2023 Fiscal Year Final Research Report

• Project/Area Number: 21K09499
• Research Category: Grant-in-Aid for Scientific Research (C)
• Allocation Type: Multi-year Fund
• Section: 一般
• Review Section: Basic Section 56040:Obstetrics and gynecology-related
• Research Institution: Nagoya City University
• Principal Investigator: Suzumori Nobuhiro 名古屋市立大学, 医薬学総合研究院(医学), 准教授 (70326148)
• Project Period (FY): 2021-04-01 – 2024-03-31
• Keywords: 流産 / 胎生期形態異常 / エクソーム解析 / 胎児染色体 / 胎盤 / トリオ分析

Outline of Final Research Achievements

To elucidate the cause of miscarriage and stillbirth, fetal morphology and chromosomes were analyzed, and trio analysis of the couple and fetus was performed at the time of miscarriage in cases of two or more repeated miscarriage or stillbirth.
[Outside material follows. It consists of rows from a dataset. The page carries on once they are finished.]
(* Key mixing estimate: on traceless matrices, T loses a fixed fraction of the norm unless
   the image has vanishing diagonal; in the latter case the shift averages it away. *)
lemma Tmap_traceless_mixing:
  assumes "tr a = 0" "0 \<le> w" "w \<le> 1"
  shows "mix w * (norm (Tmap w a))^2 + (1 - mix w) * (norm (Dg (Tmap w a)))^2
           \<le> mix w * (norm a)^2"
proof -
  obtain x y z d where a: "a = mat2 x y z d" using mat2_eta by blast
  have d: "d = - x" using assms(1) unfolding a tr_mat2 by (simp add: add_eq_0_iff)
  define u v where "u = (y + z) / 2" and "v = (y - z) / 2"
  define P Q where "P = w * u - (1 - w) * x" and "Q = w * x + (1 - w) * u"
  have Ta: "Tmap w a = mat2 P (Q - v) (Q + v) (- P)"
    unfolding Tmap_zx a d Hm_conj sigx_conj mat2_scaleR mat2_add mat2_eq_iff
    by (simp add: scaleR_conv_of_real P_def Q_def u_def v_def field_simps)
  have parallelogram: "(cmod (p + q))^2 + (cmod (p - q))^2 = 2 * (cmod p)^2 + 2 * (cmod q)^2"
    for p q :: complex
    unfolding cmod_power2 by (simp add: power2_eq_square algebra_simps)
  have yz: "y = u + v" "z = u - v" unfolding u_def v_def by (simp_all add: field_simps)
  have na: "(norm a)^2 = 2 * (cmod x)^2 + 2 * (cmod u)^2 + 2 * (cmod v)^2"
    unfolding a d norm_mat2_sq yz using parallelogram[of u v] by simp
  have nT: "(norm (Tmap w a))^2 = 2 * (cmod P)^2 + 2 * (cmod Q)^2 + 2 * (cmod v)^2"
    unfolding Ta norm_mat2_sq using parallelogram[of Q v] by simp
  have nD: "(norm (Dg (Tmap w a)))^2 = 2 * (cmod P)^2"
    unfolding Ta Dg_def norm_mat2_sq by simp
  have PQ: "(cmod P)^2 + (cmod Q)^2 = mix w * ((cmod x)^2 + (cmod u)^2)"
    unfolding P_def Q_def mix_def cmod_power2 by (simp add: power2_eq_square algebra_simps)
  have m1: "mix w \<le> 1"
    using assms(2,3) mult_left_le_one_le[of w w] mult_left_le_one_le[of "1-w" "1-w"]
    unfolding mix_def by (simp add: power2_eq_square)
  have "(cmod P)^2 \<le> mix w * ((cmod x)^2 + (cmod u)^2)"
    using PQ zero_le_power2[of "cmod Q"] by linarith
  then have "(1 - mix w) * (cmod P)^2 \<le> (1 - mix w) * (mix w * ((cmod x)^2 + (cmod u)^2))"
    using m1 by (intro mult_left_mono) auto
  moreover have Q: "(cmod Q)^2 = mix w * ((cmod x)^2 + (cmod u)^2) - (cmod P)^2"
    using PQ by linarith
  ultimately show ?thesis
    unfolding na nT nD Q by (simp add: algebra_simps)
qed

subsection \<open>Square-integrable observables on the Brillouin zone\<close>

abbreviation Pmeas :: "real measure" where
  "Pmeas \<equiv> lebesgue_on Pdom"

lemma Pdom_sets: "Pdom \<in> sets lebesgue"
  unfolding Pdom_def by simp

lemma Pdom_lmeasurable: "Pdom \<in> lmeasurable"
  unfolding Pdom_def
  by (intro bounded_set_imp_lmeasurable) (auto intro: bounded_subset[of "{0..2*pi}"])

lemma measure_Pmeas: "measure Pmeas Pdom = 2 * pi"
  using Pdom_sets unfolding Pdom_def by (simp add: measure_restrict_space)

interpretation Pmeas: finite_measure Pmeas
  by (rule finite_measure_lebesgue_on[OF Pdom_lmeasurable])

lemma integral_cis_multiple:
  fixes n :: int
  assumes "n \<noteq> 0"
  shows "integral\<^sup>L Pmeas (\<lambda>p. cis (n * p)) = 0"
proof -
  have meas: "(\<lambda>p. cis (n * p)) \<in> borel_measurable Pmeas"
    by (intro continuous_imp_measurable_on_sets_lebesgue Pdom_sets continuous_intros)
  have integ: "integrable Pmeas (\<lambda>p. cis (n * p))"
    by (rule Bochner_Integration.integrable_bound[OF Pmeas.integrable_const[of "1::real"] meas]) auto
  define F where "F p = cis (n * p) / (\<i> * of_int n)" for p :: real
  have "((\<lambda>p. cis (n * p)) has_integral (F (2 * pi) - F 0)) {0..2 * pi}"
  proof (rule fundamental_theorem_of_calculus)
    fix x :: real
    show "(F has_vector_derivative cis (n * x)) (at x within {0..2 * pi})"
      unfolding F_def has_vector_derivative_def using assms
      by (auto intro!: derivative_eq_intros simp: scaleR_conv_of_real field_simps)
  qed simp
  moreover have "F (2 * pi) = F 0"
  proof -
    have "cis (n * (2 * pi)) = 1"
      unfolding mult.commute[of "real_of_int n"] by (rule cis_multiple_2pi) simp
    then show ?thesis unfolding F_def by simp
  qed
  ultimately have "((\<lambda>p. cis (n * p)) has_integral 0) {0..2 * pi}" by simp
  then have "((\<lambda>p. cis (n * p)) has_integral 0) Pdom"
    unfolding Pdom_def
    by (rule has_integral_spike_set_eq[THEN iffD1, rotated -1])
       (auto intro: negligible_subset[of "{2*pi}"])
  with has_integral_integral_lebesgue_on[OF integ Pdom_sets] show ?thesis
    by (rule has_integral_unique)
qed

(* the space T, without the quotient by null functions *)
definition L2 :: "(real \<Rightarrow> cmat) \<Rightarrow> bool" where
  "L2 F \<longleftrightarrow> F \<in> borel_measurable Pmeas \<and> integrable Pmeas (\<lambda>p. (norm (F p))^2)"

lemma inT_iff_L2: "inT A \<longleftrightarrow> L2 A"
  unfolding inT_def L2_def by simp

lemma L2_integrable:
  assumes "L2 F"
  shows "integrable Pmeas F"
proof (rule Bochner_Integration.integrable_bound)
  show "integrable Pmeas (\<lambda>p. 1 + (norm (F p))^2)"
    using assms unfolding L2_def by simp
  show "F \<in> borel_measurable Pmeas" using assms unfolding L2_def by simp
  have "norm y \<le> 1 + (norm y)^2" for y :: cmat
    using zero_le_power2[of "norm y - 1"] norm_ge_zero[of y] by (simp only: power2_diff power_one mult_1_right)
  then show "AE p in Pmeas. norm (F p) \<le> norm (1 + (norm (F p))^2)"
    by (simp add: add_increasing)
qed

lemma L2_const: "L2 (\<lambda>p. X)"
  unfolding L2_def by simp

lemma L2_add:
  assumes "L2 F" "L2 G"
  shows "L2 (\<lambda>p. F p + G p)"
proof -
  have meas: "(\<lambda>p. F p + G p) \<in> borel_measurable Pmeas"
    using assms unfolding L2_def by (auto intro: borel_measurable_add)
  have bound: "(norm (x + y))^2 \<le> 2 * (norm x)^2 + 2 * (norm y)^2" for x y :: cmat
  proof -
    have "(norm (x + y))^2 \<le> (norm x + norm y)^2"
      by (simp add: norm_triangle_ineq power_mono)
    also have "\<dots> \<le> 2 * (norm x)^2 + 2 * (norm y)^2"
      using zero_le_power2[of "norm x - norm y"] unfolding power2_diff power2_sum by linarith
    finally show ?thesis .
  qed
  have "integrable Pmeas (\<lambda>p. (norm (F p + G p))^2)"
    by (rule Bochner_Integration.integrable_bound[of _ "\<lambda>p. 2 * (norm (F p))^2 + 2 * (norm (G p))^2"])
       (use assms meas bound in \<open>auto simp: L2_def\<close>)
  with meas show ?thesis unfolding L2_def by simp
qed

lemma L2_bounded_linear:
  assumes "bounded_linear L" "L2 F"
  shows "L2 (\<lambda>p. L (F p))"
proof -
  interpret L: bounded_linear L by (rule assms(1))
  obtain K where K: "\<And>x. norm (L x) \<le> norm x * K" using L.pos_bounded by blast
  have meas: "(\<lambda>p. L (F p)) \<in> borel_measurable Pmeas"
    using assms(2) unfolding L2_def
    by (intro borel_measurable_continuous_on[OF L.continuous_on[OF continuous_on_id]]) simp
  have bound: "(norm (L x))^2 \<le> K^2 * (norm x)^2" for x
  proof -
    have "(norm (L x))^2 \<le> (norm x * K)^2" by (rule power_mono[OF K norm_ge_zero])
    then show ?thesis by (simp add: power_mult_distrib mult.commute)
  qed
  have "integrable Pmeas (\<lambda>p. (norm (L (F p)))^2)"
    by (rule Bochner_Integration.integrable_bound[of _ "\<lambda>p. K^2 * (norm (F p))^2"])
       (use assms(2) meas bound in \<open>auto simp: L2_def\<close>)
  with meas show ?thesis unfolding L2_def by simp
qed

lemma L2_diff:
  assumes "L2 F" "L2 G"
  shows "L2 (\<lambda>p. F p - G p)"
  using L2_add[OF assms(1) L2_bounded_linear[OF bounded_linear_minus[OF bounded_linear_ident] assms(2)]]
  by simp

definition mean :: "(real \<Rightarrow> cmat) \<Rightarrow> cmat" where
  "mean F = (1 / (2 * pi)) *\<^sub>R integral\<^sup>L Pmeas F"

definition msq :: "(real \<Rightarrow> cmat) \<Rightarrow> real" where
  "msq F = (1 / (2 * pi)) * integral\<^sup>L Pmeas (\<lambda>p. (norm (F p))^2)"

lemma integral_entry:
  fixes F :: "real \<Rightarrow> cmat"
  assumes "integrable Pmeas F"
  shows "integral\<^sup>L Pmeas (\<lambda>p. F p $ i $ j) = integral\<^sup>L Pmeas F $ i $ j"
  using integral_bounded_linear[OF bounded_linear_compose[OF bounded_linear_vec_nth bounded_linear_vec_nth] assms]
  by simp

lemma A0_eq_mean:
  assumes "integrable Pmeas F"
  shows "A0 F = mean F"
  unfolding A0_def mean_def
  by (simp add: vec_eq_iff integral_entry[OF assms]) (simp add: scaleR_conv_of_real)

lemma mean_add:
  assumes "L2 F" "L2 G"
  shows "mean (\<lambda>p. F p + G p) = mean F + mean G"
  unfolding mean_def using L2_integrable[OF assms(1)] L2_integrable[OF assms(2)]
  by (simp add: scaleR_add_right)

lemma msq_nonneg: "0 \<le> msq F"
  unfolding msq_def by (simp add: integral_nonneg_AE)

lemma msq_scale:
  assumes "\<And>p. norm (F p) = k * norm (G p)"
  shows "msq F = k^2 * msq G"
  unfolding msq_def assms power_mult_distrib by simp

(* Pythagoras: a constant is orthogonal to a function of mean zero *)
lemma msq_const_plus:
  assumes "L2 G" "integral\<^sup>L Pmeas G = 0"
  shows "msq (\<lambda>p. X + G p) = (norm X)^2 + msq G"
proof -
  have iG: "integrable Pmeas G" by (rule L2_integrable[OF assms(1)])
  have i2: "integrable Pmeas (\<lambda>p. (norm (G p))^2)" using assms(1) unfolding L2_def by simp
  have "(norm (X + G p))^2 = (norm X)^2 + 2 * inner X (G p) + (norm (G p))^2" for p
    by (simp add: power2_norm_eq_inner inner_add_left inner_add_right inner_commute)
  then have "integral\<^sup>L Pmeas (\<lambda>p. (norm (X + G p))^2)
      = 2 * pi * (norm X)^2 + 2 * integral\<^sup>L Pmeas (\<lambda>p. inner X (G p))
        + integral\<^sup>L Pmeas (\<lambda>p. (norm (G p))^2)"
    using iG i2 measure_Pmeas by simp
  also have "integral\<^sup>L Pmeas (\<lambda>p. inner X (G p)) = 0"
    using iG assms(2) by simp
  finally show ?thesis unfolding msq_def by (simp add: field_simps)
qed

lemma integral_minus_mean:
  assumes "L2 F"
  shows "integral\<^sup>L Pmeas (\<lambda>p. F p - mean F) = 0"
  using L2_integrable[OF assms] measure_Pmeas by (simp add: mean_def)

lemma L2_minus_mean: "L2 F \<Longrightarrow> L2 (\<lambda>p. F p - mean F)"
  by (rule L2_diff[OF _ L2_const])

lemma msq_decomp:
  assumes "L2 F"
  shows "msq F = (norm (mean F))^2 + msq (\<lambda>p. F p - mean F)"
  using msq_const_plus[OF L2_minus_mean[OF assms] integral_minus_mean[OF assms], of "mean F"]
  by simp

lemma norm_mean_sq_le:
  assumes "L2 F"
  shows "(norm (mean F))^2 \<le> msq F"
  using msq_decomp[OF assms] msq_nonneg[of "\<lambda>p. F p - mean F"] by linarith

lemma tnorm_eq_msq: "tnorm F = sqrt (msq F / 2)"
proof -
  have integrand: "(\<lambda>p. (1 / 2) * tr (adj (F p) ** F p)) = (\<lambda>p. complex_of_real ((norm (F p))^2 / 2))"
    unfolding tr_adj_mult_self by simp
  have "tinner F F = complex_of_real (1 / (2 * pi))
                     * complex_of_real (integral\<^sup>L Pmeas (\<lambda>p. (norm (F p))^2 / 2))"
    by (simp only: tinner_def integrand integral_complex_of_real)
  also have "\<dots> = complex_of_real (msq F / 2)"
    unfolding msq_def of_real_mult[symmetric] by simp
  finally have "Re (tinner F F) = msq F / 2" by (simp only: Re_complex_of_real)
  then show ?thesis unfolding tnorm_def by simp
qed

lemma tinner_one_T:
  assumes "integrable Pmeas A"
  shows "tinner one_T A = tr (mean A) / 2"
proof -
  have adj_one: "adj (mat 1) = mat 1" unfolding mat2_one adj_mat2 by simp
  have entries: "integrable Pmeas (\<lambda>p. A p $ i $ j)" for i j
    using integrable_bounded_linear[OF bounded_linear_compose[OF bounded_linear_vec_nth
          bounded_linear_vec_nth] assms] by simp
  have "tinner one_T A = complex_of_real (1 / (2 * pi))
          * integral\<^sup>L Pmeas (\<lambda>p. (1 / 2) * (A p $ 1 $ 1 + A p $ 2 $ 2))"
    unfolding tinner_def one_T_def adj_one matrix_mul_lid tr_def sum_2 ..
  also have "\<dots> = tr (mean A) / 2"
    using entries unfolding mean_def tr_def sum_2 vector_scaleR_component
    by (simp add: integral_entry[OF assms, symmetric] scaleR_conv_of_real algebra_simps)
  finally show ?thesis .
qed

subsection \<open>Conjugation by the shift\<close>

definition shift_conj :: "real \<Rightarrow> cmat \<Rightarrow> cmat" where
  "shift_conj p Y = adj (Sh p) ** Y ** Sh p"

lemma shift_conj_eq:
  "shift_conj p Y = mat2 (Y$1$1) (cis (-2 * p) * Y$1$2) (cis (2 * p) * Y$2$1) (Y$2$2)"
proof -
  obtain a b c d where Y: "Y = mat2 a b c d" using mat2_eta by blast
  have phase: "cis s * y * cis t = cis (s + t) * y" for s t and y :: complex
    by (simp add: cis_mult[symmetric] ac_simps)
  show ?thesis
    unfolding Y shift_conj_def Sh_def adj_mat2 mat2_mult cis_cnj by (simp add: phase)
qed

lemma norm_shift_conj: "norm (shift_conj p Y) = norm Y"
proof -
  have "(norm (shift_conj p Y))^2 = (norm Y)^2"
    by (subst (2) mat2_eta) (simp add: shift_conj_eq norm_mat2_sq norm_mult)
  then show ?thesis by (rule power2_eq_imp_eq) simp_all
qed

lemma shift_conj_add: "shift_conj p (X + Y) = shift_conj p X + shift_conj p Y"
  unfolding shift_conj_eq mat2_add by (simp add: algebra_simps)

lemma continuous_on_mat2:
  assumes "continuous_on S f1" "continuous_on S f2" "continuous_on S f3" "continuous_on S f4"
  shows "continuous_on S (\<lambda>x. mat2 (f1 x) (f2 x) (f3 x) (f4 x))"
proof -
  have "(\<lambda>x. mat2 (f1 x) (f2 x) (f3 x) (f4 x)) =
    (\<lambda>x. \<chi> i j. if i = 1 then (if j = 1 then f1 x else f2 x) else (if j = 1 then f3 x else f4 x))"
    by (rule ext) (simp add: vec_eq_iff forall_2)
  moreover have "continuous_on S
      (\<lambda>x. if i = 1 then (if j = 1 then f1 x else f2 x) else (if j = 1 then f3 x else f4 x))"
    for i j :: 2
    using assms by (cases "i = 1"; cases "j = 1") simp_all
  ultimately show ?thesis by (simp only:) (intro continuous_on_vec_lambda)
qed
Genomic DNA was extracted from peripheral blood and/or saliva, whole exome analysis was performed, DNA quantification was confirmed, the libraries were prepared, the exon region capture was performed, and sequencing was performed on NovaSeq6000 for normal karyotype in 16 of the 21 families with unexplained miscarriage cases.
Data were mapped with a whole exome analysis program, analyzed for the homozygous mutations and pathological variants, and searched in databases and PubMed. The elucidation of pathological variants related to miscarriage and stillbirth is difficult at this time, but we are continuing to carry out this study.

Free Research Field

産科婦人科学

Academic Significance and Societal Importance of the Research Achievements

流産・死産の原因検索のため、不育症の16家系、48検体全てを用いて全エクソーム解析によるトリオ分析を行い、ホモ接合体変異や複合ヘテロ接合体変異、病的バリアントの有無を解析したところ、明らかな病的バリアントを絞り込むことができなかったことから、不育症の遺伝学的解析により流産・死産の原因を単一の遺伝子多型の分析により解明することは困難であると思われる。一方、不育症に悩むカップルが多いなかで、その原因は胎児染色体異常、子宮形態異常、抗リン脂質抗体症候群以外にも多岐にわたり、胚・子宮内膜の局所での病理病態について未知の領域が多いと考えられる。